● Goal of the exercise:
Please repeat the lines below, exactly and only, from the one that holds "((1 - z) powr" through the one that holds "holomorphic_derivI [OF holg open_ball".

---

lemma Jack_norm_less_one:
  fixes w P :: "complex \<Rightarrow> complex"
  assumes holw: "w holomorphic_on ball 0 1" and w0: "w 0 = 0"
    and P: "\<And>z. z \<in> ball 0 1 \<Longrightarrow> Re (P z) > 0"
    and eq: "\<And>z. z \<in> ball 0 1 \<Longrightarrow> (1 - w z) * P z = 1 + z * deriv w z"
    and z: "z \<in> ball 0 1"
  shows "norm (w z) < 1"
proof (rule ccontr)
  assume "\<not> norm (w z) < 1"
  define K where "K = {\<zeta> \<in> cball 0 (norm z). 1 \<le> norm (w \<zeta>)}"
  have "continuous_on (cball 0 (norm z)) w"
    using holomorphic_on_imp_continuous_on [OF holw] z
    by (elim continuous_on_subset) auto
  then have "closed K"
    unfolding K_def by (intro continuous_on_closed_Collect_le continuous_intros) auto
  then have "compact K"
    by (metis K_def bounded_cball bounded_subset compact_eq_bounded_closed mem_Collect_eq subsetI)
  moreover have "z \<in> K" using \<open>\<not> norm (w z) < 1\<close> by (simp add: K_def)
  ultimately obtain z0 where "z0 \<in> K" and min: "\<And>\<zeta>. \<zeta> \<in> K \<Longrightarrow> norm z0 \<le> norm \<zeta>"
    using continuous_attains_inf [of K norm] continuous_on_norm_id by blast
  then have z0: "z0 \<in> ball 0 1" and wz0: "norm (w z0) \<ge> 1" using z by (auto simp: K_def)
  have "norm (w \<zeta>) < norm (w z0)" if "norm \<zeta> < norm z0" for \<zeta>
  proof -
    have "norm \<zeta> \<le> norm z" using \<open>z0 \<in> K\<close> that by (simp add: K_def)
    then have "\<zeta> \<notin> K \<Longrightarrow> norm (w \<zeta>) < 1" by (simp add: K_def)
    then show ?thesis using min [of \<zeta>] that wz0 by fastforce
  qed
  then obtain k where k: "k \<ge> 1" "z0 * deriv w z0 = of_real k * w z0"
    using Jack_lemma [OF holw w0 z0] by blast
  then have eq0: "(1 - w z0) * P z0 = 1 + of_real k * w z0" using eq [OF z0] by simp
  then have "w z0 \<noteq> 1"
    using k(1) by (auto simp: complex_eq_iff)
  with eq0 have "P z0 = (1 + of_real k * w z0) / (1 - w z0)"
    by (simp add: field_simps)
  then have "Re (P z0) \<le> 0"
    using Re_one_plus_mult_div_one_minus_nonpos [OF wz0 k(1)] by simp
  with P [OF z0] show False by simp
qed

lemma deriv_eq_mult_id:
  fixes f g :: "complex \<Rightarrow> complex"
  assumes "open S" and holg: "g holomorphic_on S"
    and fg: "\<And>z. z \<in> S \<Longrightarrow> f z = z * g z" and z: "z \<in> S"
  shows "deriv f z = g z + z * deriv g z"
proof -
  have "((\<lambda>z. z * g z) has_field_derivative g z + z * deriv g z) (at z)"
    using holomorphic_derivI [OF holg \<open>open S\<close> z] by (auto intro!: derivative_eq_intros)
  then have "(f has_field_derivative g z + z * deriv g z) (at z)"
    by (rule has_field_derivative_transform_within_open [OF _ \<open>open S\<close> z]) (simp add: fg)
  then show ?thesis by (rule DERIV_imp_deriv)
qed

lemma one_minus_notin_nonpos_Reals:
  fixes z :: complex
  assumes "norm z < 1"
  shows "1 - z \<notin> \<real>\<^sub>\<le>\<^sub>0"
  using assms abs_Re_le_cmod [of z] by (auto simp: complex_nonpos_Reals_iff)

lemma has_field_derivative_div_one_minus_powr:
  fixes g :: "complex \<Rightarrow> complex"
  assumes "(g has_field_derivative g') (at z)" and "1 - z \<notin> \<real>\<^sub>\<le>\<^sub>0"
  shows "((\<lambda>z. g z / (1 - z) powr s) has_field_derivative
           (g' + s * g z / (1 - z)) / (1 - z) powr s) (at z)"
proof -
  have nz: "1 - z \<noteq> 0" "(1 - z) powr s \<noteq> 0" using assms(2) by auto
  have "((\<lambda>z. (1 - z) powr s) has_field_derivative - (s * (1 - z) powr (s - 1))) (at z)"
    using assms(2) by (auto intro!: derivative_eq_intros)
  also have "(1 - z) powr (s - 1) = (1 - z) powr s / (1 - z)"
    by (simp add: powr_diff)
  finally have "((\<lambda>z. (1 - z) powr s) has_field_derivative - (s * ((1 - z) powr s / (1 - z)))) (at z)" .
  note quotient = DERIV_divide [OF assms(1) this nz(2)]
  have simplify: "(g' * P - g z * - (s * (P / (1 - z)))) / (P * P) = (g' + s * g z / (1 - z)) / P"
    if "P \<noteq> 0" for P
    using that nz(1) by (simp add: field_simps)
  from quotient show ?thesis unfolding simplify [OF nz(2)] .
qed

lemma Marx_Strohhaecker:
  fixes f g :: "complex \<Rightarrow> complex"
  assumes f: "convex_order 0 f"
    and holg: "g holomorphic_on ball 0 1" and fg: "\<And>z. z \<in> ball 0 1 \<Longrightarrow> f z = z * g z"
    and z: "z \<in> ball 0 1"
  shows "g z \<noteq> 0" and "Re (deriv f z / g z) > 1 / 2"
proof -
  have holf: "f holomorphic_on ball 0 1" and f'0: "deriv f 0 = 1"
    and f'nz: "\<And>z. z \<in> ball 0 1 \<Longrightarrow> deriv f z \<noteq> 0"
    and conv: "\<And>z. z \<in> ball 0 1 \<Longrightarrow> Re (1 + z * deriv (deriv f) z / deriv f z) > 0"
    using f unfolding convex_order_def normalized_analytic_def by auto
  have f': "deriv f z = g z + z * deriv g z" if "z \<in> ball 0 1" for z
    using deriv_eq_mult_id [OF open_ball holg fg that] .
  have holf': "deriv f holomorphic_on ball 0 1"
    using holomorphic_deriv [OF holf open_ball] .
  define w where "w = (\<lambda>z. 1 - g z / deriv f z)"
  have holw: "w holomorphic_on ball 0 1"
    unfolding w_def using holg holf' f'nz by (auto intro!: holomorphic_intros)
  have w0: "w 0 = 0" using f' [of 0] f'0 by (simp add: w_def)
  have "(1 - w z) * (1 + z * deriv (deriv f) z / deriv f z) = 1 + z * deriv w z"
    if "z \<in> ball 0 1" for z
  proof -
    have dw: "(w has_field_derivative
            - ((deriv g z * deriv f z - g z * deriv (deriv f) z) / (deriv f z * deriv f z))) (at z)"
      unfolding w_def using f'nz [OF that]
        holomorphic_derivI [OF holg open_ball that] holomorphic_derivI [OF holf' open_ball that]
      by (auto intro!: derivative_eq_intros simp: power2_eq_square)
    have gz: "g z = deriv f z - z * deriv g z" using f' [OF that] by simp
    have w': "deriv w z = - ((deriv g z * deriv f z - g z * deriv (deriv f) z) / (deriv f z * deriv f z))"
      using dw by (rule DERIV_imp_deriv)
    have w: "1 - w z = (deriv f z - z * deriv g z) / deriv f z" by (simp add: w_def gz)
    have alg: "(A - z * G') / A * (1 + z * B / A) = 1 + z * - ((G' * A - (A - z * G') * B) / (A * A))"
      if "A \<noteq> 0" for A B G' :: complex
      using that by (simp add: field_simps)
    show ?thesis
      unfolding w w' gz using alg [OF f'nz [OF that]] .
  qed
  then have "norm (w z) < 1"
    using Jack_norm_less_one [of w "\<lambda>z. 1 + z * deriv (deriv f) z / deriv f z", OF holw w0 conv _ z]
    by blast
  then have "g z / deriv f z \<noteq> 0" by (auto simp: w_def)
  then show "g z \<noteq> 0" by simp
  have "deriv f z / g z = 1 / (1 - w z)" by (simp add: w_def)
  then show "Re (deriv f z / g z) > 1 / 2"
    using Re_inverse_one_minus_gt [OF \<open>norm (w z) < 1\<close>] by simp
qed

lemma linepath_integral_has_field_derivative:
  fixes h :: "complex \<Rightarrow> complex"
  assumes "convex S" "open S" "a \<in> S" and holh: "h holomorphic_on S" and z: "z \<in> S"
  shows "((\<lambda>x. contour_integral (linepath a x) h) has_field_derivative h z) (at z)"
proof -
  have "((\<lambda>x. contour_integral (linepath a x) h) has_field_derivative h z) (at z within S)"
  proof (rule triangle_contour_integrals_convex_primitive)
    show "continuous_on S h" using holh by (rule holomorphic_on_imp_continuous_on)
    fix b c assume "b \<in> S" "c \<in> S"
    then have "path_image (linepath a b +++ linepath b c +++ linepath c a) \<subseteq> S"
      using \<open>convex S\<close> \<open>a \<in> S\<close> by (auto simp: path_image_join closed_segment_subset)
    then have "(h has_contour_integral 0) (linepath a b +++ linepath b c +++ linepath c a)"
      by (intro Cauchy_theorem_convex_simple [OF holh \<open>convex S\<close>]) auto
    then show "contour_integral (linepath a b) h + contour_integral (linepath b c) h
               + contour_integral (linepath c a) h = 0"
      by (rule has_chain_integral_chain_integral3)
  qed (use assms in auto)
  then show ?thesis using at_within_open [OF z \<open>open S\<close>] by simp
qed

---

● Task answer:
  finally have "((\<lambda>z. (1 - z) powr s) has_field_derivative - (s * ((1 - z) powr s / (1 - z)))) (at z)" .
  note quotient = DERIV_divide [OF assms(1) this nz(2)]
  have simplify: "(g' * P - g z * - (s * (P / (1 - z)))) / (P * P) = (g' + s * g z / (1 - z)) / P"
    if "P \<noteq> 0" for P
    using that nz(1) by (simp add: field_simps)
  from quotient show ?thesis unfolding simplify [OF nz(2)] .
qed

lemma Marx_Strohhaecker:
  fixes f g :: "complex \<Rightarrow> complex"
  assumes f: "convex_order 0 f"
    and holg: "g holomorphic_on ball 0 1" and fg: "\<And>z. z \<in> ball 0 1 \<Longrightarrow> f z = z * g z"
    and z: "z \<in> ball 0 1"
  shows "g z \<noteq> 0" and "Re (deriv f z / g z) > 1 / 2"
proof -
  have holf: "f holomorphic_on ball 0 1" and f'0: "deriv f 0 = 1"
    and f'nz: "\<And>z. z \<in> ball 0 1 \<Longrightarrow> deriv f z \<noteq> 0"
    and conv: "\<And>z. z \<in> ball 0 1 \<Longrightarrow> Re (1 + z * deriv (deriv f) z / deriv f z) > 0"
    using f unfolding convex_order_def normalized_analytic_def by auto
  have f': "deriv f z = g z + z * deriv g z" if "z \<in> ball 0 1" for z
    using deriv_eq_mult_id [OF open_ball holg fg that] .
  have holf': "deriv f holomorphic_on ball 0 1"
    using holomorphic_deriv [OF holf open_ball] .
  define w where "w = (\<lambda>z. 1 - g z / deriv f z)"
  have holw: "w holomorphic_on ball 0 1"
    unfolding w_def using holg holf' f'nz by (auto intro!: holomorphic_intros)
  have w0: "w 0 = 0" using f' [of 0] f'0 by (simp add: w_def)
  have "(1 - w z) * (1 + z * deriv (deriv f) z / deriv f z) = 1 + z * deriv w z"
    if "z \<in> ball 0 1" for z
  proof -
    have dw: "(w has_field_derivative
            - ((deriv g z * deriv f z - g z * deriv (deriv f) z) / (deriv f z * deriv f z))) (at z)"
      unfolding w_def using f'nz [OF that]
        holomorphic_derivI [OF holg open_ball that] holomorphic_derivI [OF holf' open_ball that]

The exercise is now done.